Regional Wage Growth During the Recession
Nominal wages at the aggregate level have been found to rise during the recent recession (or at least not decline).This is surprising given that aggregate labor conditions were so weak.Many economists (myself included) have viewed this as a puzzle.The goal in this question is to assess whether this is a puzzle do to the composition of workers changing over time.In particular, I want you to do the following.
1. Use data from the 2000-2016 March CPS (downloaded from IPUMS CPS web site) to examine the time series (annual) trend in both nominal and real wages for 25-54 year old men not living in group quarters. (You need to download the group quarters variable). Wages will be defined as annual earnings (last year) divided by annual hours (last year). Annual hours can be computed by multiplying weeks worked last year * usual hours worked (either last year or currently). You should do this for a sample of all workers with a positive wage last year. You can convert to real wages using any deflator you wish (I use the June CPI-U in my work). June is in the middle of the year – that is why I pick it.
a. The first part of the assignment is to plot mean and median wages over time for this sample. How have wages evolved over the last 15 years in the U.S. What is the time series correlation between wage growth and changes in the employment to population ratio (defined within the same sample) between 2000-2015 (note that wages measured using the 2016 CPS sample actually refers to earnings in 2015). All means should be weighted by survey weights provided by the CPS.
b. In the second part of the question, I want to demographically adjust the data to adjust for composition changes over time (based on observables). As employment rates fell, they fell more for low educated workers than high educated workers. That means the average wages you measure in part (a) will actually be comparing different types of workers in 2010 relative to 2006. To demographically adjust the data, create age-skill groups in each year. Use 5 year age ranges (25-29, 30-34, etc.) and 5 education groupings (less than high school, high school only, some college, bachelor’s degree, more than a bachelor’s degree). Compute wages within these cells for each year (again weighting the data using survey weights). However, when computing time series trends, we will fix the population weights for each cell at year 2000 levels.[1] So, for each year, you will compute a measure of wages by multiplying the means within each cell during that year by the 2000 shares of population in each cell (and then sum across cells within the year). By doing this, you will be able to compute a demographically adjusted wage series during the 2000 – 2015 period. How do these demographically adjusted wage series compare to your series in part (a). Discuss the differences. Do wages look more or less responsive with respect to changes in employment?
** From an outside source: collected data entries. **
lemma ring_tiled_alg: "ring A"
proof (rule ringI)
  show "abelian_group A"
  proof (rule abelian_groupI)
    fix x y assume "x \<in> carrier A" "y \<in> carrier A"
    then obtain f g where "x = tile f" "admissible f" "y = tile g" "admissible g"
      by (metis carrier_tiledE)
    thus "x \<oplus>\<^bsub>A\<^esub> y \<in> carrier A"
      by (simp add: tiled_add admissible_mat_carrier tile_in_carrier admissible_add)
  next
    show "\<zero>\<^bsub>A\<^esub> \<in> carrier A" by (simp add: tiled_zero tile_in_carrier admissible_zero)
  next
    fix x y z assume "x \<in> carrier A" "y \<in> carrier A" "z \<in> carrier A"
    then obtain f g h where "x = tile f" "admissible f" "y = tile g" "admissible g" "z = tile h" "admissible h"
      by (metis carrier_tiledE)
    thus "x \<oplus>\<^bsub>A\<^esub> y \<oplus>\<^bsub>A\<^esub> z = x \<oplus>\<^bsub>A\<^esub> (y \<oplus>\<^bsub>A\<^esub> z)"
      by (simp add: tiled_add admissible_mat_carrier admissible_add)
         (rule tile_cong, simp add: a_assoc admissible_carrier)
  next
    fix x y assume "x \<in> carrier A" "y \<in> carrier A"
    then obtain f g where "x = tile f" "admissible f" "y = tile g" "admissible g"
      by (metis carrier_tiledE)
    thus "x \<oplus>\<^bsub>A\<^esub> y = y \<oplus>\<^bsub>A\<^esub> x"
      by (simp add: tiled_add admissible_mat_carrier) (rule tile_cong, simp add: a_comm admissible_carrier)
  next
    fix x assume "x \<in> carrier A"
    then obtain f where "x = tile f" "admissible f" by (metis carrier_tiledE)
    thus "\<zero>\<^bsub>A\<^esub> \<oplus>\<^bsub>A\<^esub> x = x"
      by (simp add: tiled_zero tiled_add admissible_mat_carrier)
         (rule tile_cong, simp add: admissible_carrier)
  next
    fix x assume "x \<in> carrier A"
    then obtain f where f: "x = tile f" "admissible f" by (metis carrier_tiledE)
    have "tile (\<lambda>i j. \<ominus> f i j) \<oplus>\<^bsub>A\<^esub> x = \<zero>\<^bsub>A\<^esub>"
      using f by (simp add: tiled_zero tiled_add admissible_mat_carrier)
        (rule tile_cong, simp add: admissible_carrier l_neg)
    thus "\<exists>y\<in>carrier A. y \<oplus>\<^bsub>A\<^esub> x = \<zero>\<^bsub>A\<^esub>" using f tile_in_carrier admissible_neg by blast
  qed
next
  show "monoid A"
  proof (rule monoidI)
    fix x y assume "x \<in> carrier A" "y \<in> carrier A"
    then obtain f g where "x = tile f" "admissible f" "y = tile g" "admissible g"
      by (metis carrier_tiledE)
    thus "x \<otimes>\<^bsub>A\<^esub> y \<in> carrier A" by (simp add: tiled_mult tile_in_carrier admissible_mat_mult)
  next
    show "\<one>\<^bsub>A\<^esub> \<in> carrier A" by (simp add: tiled_one tile_in_carrier admissible_one)
  next
    fix x y z assume "x \<in> carrier A" "y \<in> carrier A" "z \<in> carrier A"
    then obtain f g h where "x = tile f" "admissible f" "y = tile g" "admissible g" "z = tile h" "admissible h"
      by (metis carrier_tiledE)
    thus "x \<otimes>\<^bsub>A\<^esub> y \<otimes>\<^bsub>A\<^esub> z = x \<otimes>\<^bsub>A\<^esub> (y \<otimes>\<^bsub>A\<^esub> z)"
      by (simp add: tiled_mult admissible_mat_mult)
         (rule tile_cong, simp add: mat_mult_assoc admissible_mat_carrier)
  next
    fix x assume "x \<in> carrier A"
    then obtain f where "x = tile f" "admissible f" by (metis carrier_tiledE)
    thus "\<one>\<^bsub>A\<^esub> \<otimes>\<^bsub>A\<^esub> x = x" "x \<otimes>\<^bsub>A\<^esub> \<one>\<^bsub>A\<^esub> = x"
      by (simp_all add: tiled_one tiled_mult admissible_one)
         (rule tile_cong, simp add: mat_mult_l_one mat_mult_r_one admissible_mat_carrier)+
  qed
next
  fix x y z assume "x \<in> carrier A" "y \<in> carrier A" "z \<in> carrier A"
  then obtain f g h where "x = tile f" "admissible f" "y = tile g" "admissible g" "z = tile h" "admissible h"
    by (metis carrier_tiledE)
  thus "(x \<oplus>\<^bsub>A\<^esub> y) \<otimes>\<^bsub>A\<^esub> z = x \<otimes>\<^bsub>A\<^esub> z \<oplus>\<^bsub>A\<^esub> y \<otimes>\<^bsub>A\<^esub> z"
    "z \<otimes>\<^bsub>A\<^esub> (x \<oplus>\<^bsub>A\<^esub> y) = z \<otimes>\<^bsub>A\<^esub> x \<oplus>\<^bsub>A\<^esub> z \<otimes>\<^bsub>A\<^esub> y"
    by (simp_all add: tiled_add tiled_mult admissible_mat_carrier admissible_add admissible_mat_mult)
       (rule tile_cong, simp add: mat_mult_l_distr mat_mult_r_distr admissible_mat_carrier)+
qed

lemma admissible_single_entry:
  "a \<in> {1..d} \<Longrightarrow> b \<in> {1..d} \<Longrightarrow> x \<in> I a b \<Longrightarrow> admissible (single_entry a b x)"
  unfolding single_entry_def by (rule admissibleI) (auto intro: I_zero)

lemma tiled_idem_eq: "tiled_idem R d I k = tile (single_entry k k \<one>)"
  unfolding tiled_idem_def tiled_diag_def tiled_of_def single_entry_def by simp

lemma tiled_mult_single_entry_right:
  assumes f: "admissible f" and bc: "b \<in> {1..d}" "c \<in> {1..d}" and y: "y \<in> I b c"
  shows "tile f \<otimes>\<^bsub>A\<^esub> tile (single_entry b c y) = tile (\<lambda>i l. if l = c then f i b \<otimes> y else \<zero>)"
proof (rule trans[OF tiled_mult[OF f admissible_single_entry[OF bc y]]], rule tile_cong)
  fix i l assume il: "i \<in> {1..d}" "l \<in> {1..d}"
  have "y \<in> carrier R" using I_carrier[of b c] bc y by auto
  thus "mat_mult d f (single_entry b c y) i l = (if l = c then f i b \<otimes> y else \<zero>)"
    unfolding mat_mult_def using il bc admissible_carrier[OF f]
    by (subst finsum_eq_single[of _ b]) (auto simp: single_entry_def)
qed

lemma tiled_mult_single_entry_left:
  assumes g: "admissible g" and ab: "a \<in> {1..d}" "b \<in> {1..d}" and x: "x \<in> I a b"
  shows "tile (single_entry a b x) \<otimes>\<^bsub>A\<^esub> tile g = tile (\<lambda>i l. if i = a then x \<otimes> g b l else \<zero>)"
proof (rule trans[OF tiled_mult[OF admissible_single_entry[OF ab x] g]], rule tile_cong)
  fix i l assume il: "i \<in> {1..d}" "l \<in> {1..d}"
  have "x \<in> carrier R" using I_carrier[of a b] ab x by auto
  thus "mat_mult d (single_entry a b x) g i l = (if i = a then x \<otimes> g b l else \<zero>)"
    unfolding mat_mult_def using il ab admissible_carrier[OF g]
    by (subst finsum_eq_single[of _ b]) (auto simp: single_entry_def)
qed

end

section \<open>Truncation to the upper left block\<close>

locale d_system_succ = d_system_ring +
  fixes n :: nat
  assumes d_Suc: "d = Suc n"
begin

sublocale S: d_system_ring R n I
  by unfold_locales (rule d_system_Suc_imp_d_system, use d_system d_Suc in simp)

abbreviation "e \<equiv> tiled_idem R d I d"

lemma d_in_range: "d \<in> {1..d}"
  using d_Suc by auto

lemma I_diag_d: "I d d = carrier R"
  using I_full[of d d] d_Suc by auto

lemma one_in_I_row_d: "k \<in> {1..d} \<Longrightarrow> \<one> \<in> I d k"
  using I_full[of d k] d_Suc by auto

lemma e_eq: "e = tile (single_entry d d \<one>)"
  by (rule tiled_idem_eq)

lemma e_in_carrier: "e \<in> carrier A"
  unfolding e_eq by (intro tile_in_carrier admissible_single_entry) (use d_in_range I_diag_d in auto)

text \<open>A class modulo I i (d+1) determines a class modulo the larger ideal I i (n+1), which can
  be read off from any representative.\<close>

definition truncate :: "(nat \<Rightarrow> nat \<Rightarrow> 'a set) \<Rightarrow> (nat \<Rightarrow> nat \<Rightarrow> 'a set)" where
  "truncate M = tiled_of R n I (\<lambda>i j. coset_rep (M i j))"

lemma admissible_truncate: "admissible f \<Longrightarrow> S.admissible f"
  by (rule S.admissibleI) (rule admissibleD, auto simp: d_Suc)

lemma truncate_tile:
  assumes f: "admissible f" shows "truncate (tile f) = S.tile f"
  unfolding truncate_def
proof (subst S.tile_eq_iff)
  show "\<forall>i\<in>{1..n}. \<forall>j\<in>{1..n}. coset_rep (tile f i j) \<ominus> f i j \<in> I i (n + 1)"
  proof (intro ballI)
    fix i j assume "i \<in> {1..n}" "j \<in> {1..n}"
    hence ij: "i \<in> {1..d}" "j \<in> {1..d}" using d_Suc by auto
    have fc: "f i j \<in> carrier R" using admissible_carrier[OF f ij] .
    obtain u where u: "u \<in> I i (d+1)" "coset_rep (tile f i j) = u \<oplus> f i j"
      using coset_rep_tile[OF f ij] by blast
    have uc: "u \<in> carrier R" using I_carrier[of i "d+1" u] u ij by auto
    have "u \<in> I i (n+1)" using I_antimono[of i "n+1" "d+1"] u ij d_Suc by auto
    moreover have "coset_rep (tile f i j) \<ominus> f i j = u"
      using u uc fc by (simp add: minus_eq a_assoc r_neg)
    ultimately show "coset_rep (tile f i j) \<ominus> f i j \<in> I i (n + 1)" by simp
  qed
next
  show "mat_carrier n (\<lambda>i j. coset_rep (tile f i j))"
  proof (intro ballI)
    fix i j assume "i \<in> {1..n}" "j \<in> {1..n}"
    hence ij: "i \<in> {1..d}" "j \<in> {1..d}" using d_Suc by auto
    obtain u where "u \<in> I i (d+1)" "coset_rep (tile f i j) = u \<oplus> f i j"
      using coset_rep_tile[OF f ij] by blast
    thus "coset_rep (tile f i j) \<in> carrier R"
      using I_carrier[of i "d+1" u] admissible_carrier[OF f ij] ij by simp
  qed
next
  show "mat_carrier n f" using admissible_carrier[OF f] d_Suc by auto
qed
c. In the third part of the question, I want you to impute wages for those not working. So your sample will now expand to all workers – even those without a measured wage. We will do the imputation in a crude way. Using this new sample, define demographic groups by age-skill for each year. For each person without out a wage in a given year – match them to their demographic cell in that year. For your imputation, assign those with a missing wage in that year to the 33rd percentile of the wages within that cell (for that year). Note – those with the highest wages will be at the 99th percentile. This assumes that those with a missing wage (of a given age-skill type) are disproportionately drawn from the bottom part of their age-skill wage distribution. Still adjust the wages for changing demographic composition by fixing the weights for each demographic cell at their 2000 level (using the full sample including the zeros). How do the time series patterns in these demographically adjusted wages (including the zeros) compare to the wage series created in part b. How would things change if you used the 50th percentile to conduct the imputation?
2. Redo parts (a)-(c) using data from the 2000 Census and the 2001-2014 American Community Survey (downloaded from the IPUMS USA website). You should use the same sample restrictions as above. The group quarters restriction is much more important for the ACS sample. You should be aware that the educational codes change in the ACS in 2007 or 2008 – so, you will need to adjust your code to account for this.
Do the raw wage patterns in the CPS and ACS line up with each other? Do the demographic adjustments make a difference? Does imputing the wages make a difference?
When writing up your results, make sure you take time to describe your figures and flush out your conclusions. Both the write up and figures should be self-contained. That means, if someone just looked at your figures, they should be able to understand what is going on (axis labeled, title, lines labeled, a detailed note describing the figure, etc.). Also, someone should be able to read your write up and figure out what you are trying to convey. Your write up does not have to be long – but, it should be clear.
[1] I.e. the share of the population that lives in each group.